**What is being asked**
Please copy each line below that contains the string "auto".
————
lemma psi_plus_U_le_U:
  assumes "0 \<le> y" and "y \<le> 1" and "0 \<le> \<gamma>" and "\<gamma> \<le> 0.5613"
  shows "psi ((y + of_bool b) / 2) + \<gamma> * (2 * pi * U (pi * ((y + of_bool b) / 2)))
    \<le> 2 * pi * U (pi * y)"
proof (cases b)
  case True
  then have b: "of_bool b = (1::real)" by simp
  have "pi * ((y + 1) / 2) = (pi * y + pi) / 2" by (simp add: field_simps)
  then have "psi ((y + of_bool b) / 2) + \<gamma> * (2 * pi * U (pi * ((y + of_bool b) / 2)))
      = 2 * pi * (sin (pi * y) + \<gamma> * U ((pi * y + pi) / 2))"
    unfolding b psi_half_plus_half by (simp add: algebra_simps)
  moreover have "sin (pi * y) + \<gamma> * U ((pi * y + pi) / 2) \<le> U (pi * y)"
    using assms by (intro U_step_one) auto
  ultimately show ?thesis by simp
next
  case False
  then have "psi ((y + of_bool b) / 2) + \<gamma> * (2 * pi * U (pi * ((y + of_bool b) / 2)))
      = 2 * pi * (- sin (pi * y) + \<gamma> * U (pi * y / 2))"
    by (simp add: psi_half algebra_simps)
  moreover have "- sin (pi * y) + \<gamma> * U (pi * y / 2) \<le> U (pi * y)"
    using assms by (intro U_step_zero) auto
  ultimately show ?thesis by simp
qed

definition S_arg :: "real \<Rightarrow> (nat \<Rightarrow> bool) \<Rightarrow> nat \<Rightarrow> real" where
  "S_arg x i m = (x + (\<Sum>k\<le>m. of_bool (i k) * 2 ^ k)) / 2 ^ Suc m"

lemma S_eq_suminf: "S \<gamma> x i = (\<Sum>m. \<gamma> ^ m * psi (S_arg x i m))"
  unfolding S_def S_arg_def ..

lemma S_arg_0: "S_arg x i 0 = (x + of_bool (i 0)) / 2"
  unfolding S_arg_def by simp

lemma S_arg_Suc: "S_arg x i (Suc m) = S_arg ((x + of_bool (i 0)) / 2) (\<lambda>k. i (Suc k)) m"
proof -
  have "(\<Sum>k\<le>Suc m. of_bool (i k) * (2::real) ^ k)
      = of_bool (i 0) + 2 * (\<Sum>k\<le>m. of_bool (i (Suc k)) * 2 ^ k)"
    unfolding sum.atMost_Suc_shift sum_distrib_left by (simp add: mult.left_commute)
  then show ?thesis unfolding S_arg_def by (simp add: field_simps)
qed

lemma sum_atMost_power_two: "(\<Sum>k\<le>m. (2::real) ^ k) = 2 ^ Suc m - 1"
  by (induction m) simp_all

lemma S_arg_reflect: "S_arg (1 - x) (Not \<circ> i) m = 1 - S_arg x i m"
proof -
  have "(\<Sum>k\<le>m. of_bool (\<not> i k) * (2::real) ^ k)
      = (\<Sum>k\<le>m. 2 ^ k) - (\<Sum>k\<le>m. of_bool (i k) * 2 ^ k)"
    unfolding sum_subtractf[symmetric] by (intro sum.cong) auto
  then show ?thesis unfolding S_arg_def sum_atMost_power_two by (simp add: field_simps)
qed

lemma psi_abs_le: "\<bar>psi z\<bar> \<le> 2 * pi"
  unfolding psi_def by (simp add: abs_mult)

lemma psi_one_minus: "psi (1 - z) = - psi z"
  unfolding psi_def by (simp add: right_diff_distrib sin_diff)

lemma S_term_abs_le:
  assumes "0 \<le> \<gamma>"
  shows "\<bar>\<gamma> ^ m * psi (S_arg x i m)\<bar> \<le> 2 * pi * \<gamma> ^ m"
  using psi_abs_le[of "S_arg x i m"] assms by (simp add: abs_mult mult_left_mono mult.commute)

lemma S_summable:
  assumes "0 \<le> \<gamma>" and "\<gamma> < 1"
  shows "summable (\<lambda>m. \<gamma> ^ m * psi (S_arg x i m))"
proof (rule summable_comparison_test'[where N = 0])
  show "summable (\<lambda>m. 2 * pi * \<gamma> ^ m)" using assms by simp
  show "norm (\<gamma> ^ m * psi (S_arg x i m)) \<le> 2 * pi * \<gamma> ^ m" for m
    using S_term_abs_le[OF assms(1)] by simp
qed

lemma S_abs_le:
  assumes "0 \<le> \<gamma>" and "\<gamma> < 1"
  shows "\<bar>S \<gamma> x i\<bar> \<le> 2 * pi / (1 - \<gamma>)"
proof -
  have geo: "summable (\<lambda>m. 2 * pi * \<gamma> ^ m)" using assms by auto
  have abs: "summable (\<lambda>m. \<bar>\<gamma> ^ m * psi (S_arg x i m)\<bar>)"
    by (rule summable_comparison_test'[OF geo, where N = 0]) (simp add: S_term_abs_le[OF assms(1)])
  have "\<bar>S \<gamma> x i\<bar> \<le> (\<Sum>m. \<bar>\<gamma> ^ m * psi (S_arg x i m)\<bar>)"
    unfolding S_eq_suminf by (rule summable_rabs[OF abs])
  also have "\<dots> \<le> (\<Sum>m. 2 * pi * \<gamma> ^ m)"
    by (rule suminf_le[OF S_term_abs_le[OF assms(1)] abs geo])
  also have "\<dots> = 2 * pi / (1 - \<gamma>)"
    using assms by (simp add: suminf_mult suminf_geometric divide_simps)
  finally show ?thesis .
qed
————
**Solved problem**
    using assms by (intro U_step_one) auto
    using assms by (intro U_step_zero) auto
    unfolding sum_subtractf[symmetric] by (intro sum.cong) auto
  have geo: "summable (\<lambda>m. 2 * pi * \<gamma> ^ m)" using assms by auto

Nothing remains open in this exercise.